WORK ITEM:
For the listing below, output exactly the lines from the line with "Gamma(z) Gamma(1 - z)" up to and including the line with "expanding each term", and no other lines.

EXCERPTED RECORDS:
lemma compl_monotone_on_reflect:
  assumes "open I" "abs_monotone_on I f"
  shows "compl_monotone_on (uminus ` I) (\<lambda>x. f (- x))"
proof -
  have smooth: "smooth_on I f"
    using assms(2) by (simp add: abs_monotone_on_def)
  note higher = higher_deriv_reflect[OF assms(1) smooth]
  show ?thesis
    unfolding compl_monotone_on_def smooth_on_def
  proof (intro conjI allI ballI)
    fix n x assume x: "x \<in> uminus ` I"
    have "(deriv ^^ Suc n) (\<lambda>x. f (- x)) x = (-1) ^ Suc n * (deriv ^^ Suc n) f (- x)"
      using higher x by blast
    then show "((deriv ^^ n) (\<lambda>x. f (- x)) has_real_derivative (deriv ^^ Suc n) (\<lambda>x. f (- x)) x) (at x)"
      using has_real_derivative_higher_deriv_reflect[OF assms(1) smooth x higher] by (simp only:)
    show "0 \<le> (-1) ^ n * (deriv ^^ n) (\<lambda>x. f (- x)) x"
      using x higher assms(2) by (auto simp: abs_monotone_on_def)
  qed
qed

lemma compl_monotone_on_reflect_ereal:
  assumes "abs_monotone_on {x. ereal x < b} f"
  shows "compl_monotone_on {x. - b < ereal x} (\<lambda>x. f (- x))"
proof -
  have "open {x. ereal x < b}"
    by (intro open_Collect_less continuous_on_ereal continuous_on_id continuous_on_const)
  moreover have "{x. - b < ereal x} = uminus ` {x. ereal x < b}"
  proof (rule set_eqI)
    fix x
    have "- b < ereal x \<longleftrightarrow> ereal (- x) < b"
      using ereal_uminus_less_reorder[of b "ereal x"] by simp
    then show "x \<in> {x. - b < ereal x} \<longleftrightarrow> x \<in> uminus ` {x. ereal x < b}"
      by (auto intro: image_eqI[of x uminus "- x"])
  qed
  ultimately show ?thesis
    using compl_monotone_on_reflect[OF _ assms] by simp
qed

* * *

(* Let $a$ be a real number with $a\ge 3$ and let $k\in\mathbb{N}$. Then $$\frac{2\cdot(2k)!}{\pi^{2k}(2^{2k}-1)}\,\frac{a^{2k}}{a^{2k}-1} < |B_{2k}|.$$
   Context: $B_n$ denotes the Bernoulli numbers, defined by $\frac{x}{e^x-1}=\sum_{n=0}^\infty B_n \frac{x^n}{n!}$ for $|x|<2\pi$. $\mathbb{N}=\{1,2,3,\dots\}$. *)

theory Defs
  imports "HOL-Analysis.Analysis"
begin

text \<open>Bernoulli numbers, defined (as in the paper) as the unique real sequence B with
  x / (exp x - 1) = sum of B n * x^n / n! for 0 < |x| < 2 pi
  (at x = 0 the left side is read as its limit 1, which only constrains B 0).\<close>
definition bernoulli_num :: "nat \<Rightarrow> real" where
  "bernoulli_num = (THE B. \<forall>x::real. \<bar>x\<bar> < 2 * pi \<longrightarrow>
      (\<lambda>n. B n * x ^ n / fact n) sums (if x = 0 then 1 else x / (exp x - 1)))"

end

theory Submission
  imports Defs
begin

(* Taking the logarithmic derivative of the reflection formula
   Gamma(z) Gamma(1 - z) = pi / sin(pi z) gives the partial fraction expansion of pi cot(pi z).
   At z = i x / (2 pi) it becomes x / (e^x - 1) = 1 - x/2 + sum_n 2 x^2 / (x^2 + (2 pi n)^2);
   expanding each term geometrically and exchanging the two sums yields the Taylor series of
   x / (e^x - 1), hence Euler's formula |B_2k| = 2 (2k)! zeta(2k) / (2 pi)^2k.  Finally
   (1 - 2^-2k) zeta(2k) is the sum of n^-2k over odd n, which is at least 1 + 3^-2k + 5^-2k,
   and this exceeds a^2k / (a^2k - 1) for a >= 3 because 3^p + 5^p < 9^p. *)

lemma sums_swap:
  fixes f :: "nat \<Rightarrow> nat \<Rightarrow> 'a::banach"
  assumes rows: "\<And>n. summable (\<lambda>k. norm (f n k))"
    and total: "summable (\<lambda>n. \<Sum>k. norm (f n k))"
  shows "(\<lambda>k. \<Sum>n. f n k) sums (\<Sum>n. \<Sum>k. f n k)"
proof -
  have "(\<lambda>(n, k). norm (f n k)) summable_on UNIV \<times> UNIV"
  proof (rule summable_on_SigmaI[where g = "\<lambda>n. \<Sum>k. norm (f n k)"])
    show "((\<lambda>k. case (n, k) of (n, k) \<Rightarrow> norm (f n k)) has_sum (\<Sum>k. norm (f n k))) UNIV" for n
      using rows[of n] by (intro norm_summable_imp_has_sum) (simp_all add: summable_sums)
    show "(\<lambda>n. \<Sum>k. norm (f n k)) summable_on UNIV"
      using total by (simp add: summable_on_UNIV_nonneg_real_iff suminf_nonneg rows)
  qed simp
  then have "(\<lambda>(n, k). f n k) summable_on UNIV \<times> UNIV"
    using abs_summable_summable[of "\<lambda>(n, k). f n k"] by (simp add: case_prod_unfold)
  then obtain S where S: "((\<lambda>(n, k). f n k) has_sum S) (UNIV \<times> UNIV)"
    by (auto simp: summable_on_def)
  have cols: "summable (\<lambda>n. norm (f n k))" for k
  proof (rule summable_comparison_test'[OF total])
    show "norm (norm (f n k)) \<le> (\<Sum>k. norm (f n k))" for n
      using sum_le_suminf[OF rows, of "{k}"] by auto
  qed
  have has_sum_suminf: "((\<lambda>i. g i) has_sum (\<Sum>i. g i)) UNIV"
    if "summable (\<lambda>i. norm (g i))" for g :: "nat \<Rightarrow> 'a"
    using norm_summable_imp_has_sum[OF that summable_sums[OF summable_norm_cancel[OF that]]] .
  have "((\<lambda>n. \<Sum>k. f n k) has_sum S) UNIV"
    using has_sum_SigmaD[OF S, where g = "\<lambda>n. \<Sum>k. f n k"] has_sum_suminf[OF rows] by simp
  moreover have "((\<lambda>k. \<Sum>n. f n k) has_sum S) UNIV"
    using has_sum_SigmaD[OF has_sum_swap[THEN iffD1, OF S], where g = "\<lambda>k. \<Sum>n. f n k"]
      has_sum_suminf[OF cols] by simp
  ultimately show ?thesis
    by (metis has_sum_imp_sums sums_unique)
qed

* * *

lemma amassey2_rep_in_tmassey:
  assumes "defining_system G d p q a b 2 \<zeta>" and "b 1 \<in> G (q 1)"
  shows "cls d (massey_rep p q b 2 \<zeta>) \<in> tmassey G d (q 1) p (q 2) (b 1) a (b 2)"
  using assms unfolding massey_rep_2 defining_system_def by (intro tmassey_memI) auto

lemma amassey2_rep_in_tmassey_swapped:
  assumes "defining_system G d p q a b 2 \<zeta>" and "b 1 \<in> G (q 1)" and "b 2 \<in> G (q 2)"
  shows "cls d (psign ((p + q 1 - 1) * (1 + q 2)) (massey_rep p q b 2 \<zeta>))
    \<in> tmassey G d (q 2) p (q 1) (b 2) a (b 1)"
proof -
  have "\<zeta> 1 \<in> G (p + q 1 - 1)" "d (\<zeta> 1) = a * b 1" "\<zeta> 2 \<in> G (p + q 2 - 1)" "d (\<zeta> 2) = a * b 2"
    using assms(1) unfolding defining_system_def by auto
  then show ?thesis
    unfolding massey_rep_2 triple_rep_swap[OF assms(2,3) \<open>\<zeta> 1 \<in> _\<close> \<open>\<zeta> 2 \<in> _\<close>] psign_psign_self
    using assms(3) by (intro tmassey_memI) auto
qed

TASK ANSWER:
   Gamma(z) Gamma(1 - z) = pi / sin(pi z) gives the partial fraction expansion of pi cot(pi z).
   At z = i x / (2 pi) it becomes x / (e^x - 1) = 1 - x/2 + sum_n 2 x^2 / (x^2 + (2 pi n)^2);
   expanding each term geometrically and exchanging the two sums yields the Taylor series of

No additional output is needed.